Is there any actual evidence that obscuring email addresses in common
forms like "asd at suespammers dot org" actually does any good?
Has anyone actually created two random email addresses, and posted them
to the same web page, one obscured, one not, and seen if there is a
measurable difference in spam?
My personal experience, though I have done no scientific test (as
above), suggests that neither of them would get a notable amount of
spam.
However, there is a _very_ noticable difference between trying to find
a message from [EMAIL PROTECTED] and one from some obscured form (how
was it obscured today?). There is a significant difference in how easy
it is to contact 'a href="mailto:[EMAIL PROTECTED]"' vs. 'branden at
debian dot org', '[EMAIL PROTECTED]', etc.
Seriously, I have posted many, many, places with my suespammers
address.
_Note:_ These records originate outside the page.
(* For real $0\le x<1$ and every integer $r\ge2$, $$\log\mathcal C_r\left(\frac x2\right)=-\frac{1}{2^r}\int_0^x \pi t^{r-1}\tan\left(\frac{\pi t}{2}\right)dt.$$
   Context: For an integer $r\ge2$ let $P_r(y)=(1-y)\exp\left(y+\frac{y^2}{2}+\cdots+\frac{y^r}{r}\right)$. For real $|x|<\tfrac12$, the Kurokawa–Koyama multiple cosine function of order $r$ is the convergent positive product $\mathcal C_r(x)=\prod_{n\ge1,\ n\text{ odd}}\left\{P_r\left(\frac{x}{n/2}\right)P_r\left(-\frac{x}{n/2}\right)^{(-1)^{r-1}}\right\}^{(n/2)^{r-1}}$, and $\log$ denotes the real logarithm. *)

theory Defs
  imports "HOL-Analysis.Analysis"
begin

definition Pfac :: "nat \<Rightarrow> real \<Rightarrow> real" where
  "Pfac r y = (1 - y) * exp (\<Sum>k=1..r. y ^ k / real k)"

definition mcos :: "nat \<Rightarrow> real \<Rightarrow> real" where
  "mcos r x = (\<Prod>k. (Pfac r (x / (real (2*k+1) / 2)) *
        (Pfac r (- x / (real (2*k+1) / 2)) powr ((-1) ^ (r - 1))))
        powr ((real (2*k+1) / 2) ^ (r - 1)))"

end

theory Submission
  imports Defs
begin

text \<open>
  Write the \<open>k\<close>-th factor of \<open>C\<^sub>r(x/2)\<close> as \<open>exp (g\<^sub>k x)\<close> with \<open>g\<^sub>k 0 = 0\<close>. Because \<open>P\<^sub>r\<close> is a
  Weierstrass primary factor, \<open>g\<^sub>k' x = -(1/2^r) x^(r-1) 4x/((2k+1)^2 - x^2)\<close>, and these
  derivatives are dominated by \<open>C/(k+1)^2\<close> uniformly on \<open>|x| < b < 1\<close>. So \<open>ln C\<^sub>r(x/2) = \<Sum> g\<^sub>k x\<close>
  may be differentiated termwise, and the partial fraction expansion
  \<open>pi tan (pi x/2) = \<Sum> 4x/((2k+1)^2 - x^2)\<close> -- the logarithmic derivative of Euler's product
  \<open>cos (pi x/2) = \<Prod> (1 - x^2/(2k+1)^2)\<close> -- identifies the derivative with
  \<open>-(1/2^r) pi x^(r-1) tan (pi x/2)\<close>. Integrating from \<open>0\<close> gives the formula.
\<close>

lemma prod_atLeast1_atMost_even_odd:
  fixes g :: "nat \<Rightarrow> 'a::comm_monoid_mult"
  shows "(\<Prod>j=1..2*N. g j) = (\<Prod>j=1..N. g (2*j)) * (\<Prod>k<N. g (2*k+1))"
proof (induction N)
  case (Suc N)
  have "{1..2 * Suc N} = insert (2*N+2) (insert (2*N+1) {1..2*N})" by auto
  then show ?case using Suc by (simp add: prod.atLeast1_atMost_eq mult_ac)
qed simp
I get little spam at it, but a piece or two a day. OTOH, my
[EMAIL PROTECTED] address gets nailed with tens of pieces a day.
I realize that spammers could be avoiding the suespammers address (it'd
make good business sense, after all), but most of my spam seems come
from people plopping my address into web pages that don't bothing doing
double confirms, or from APNIC space.
[Wow, [EMAIL PROTECTED] got spammed again while writing this. Ugh.]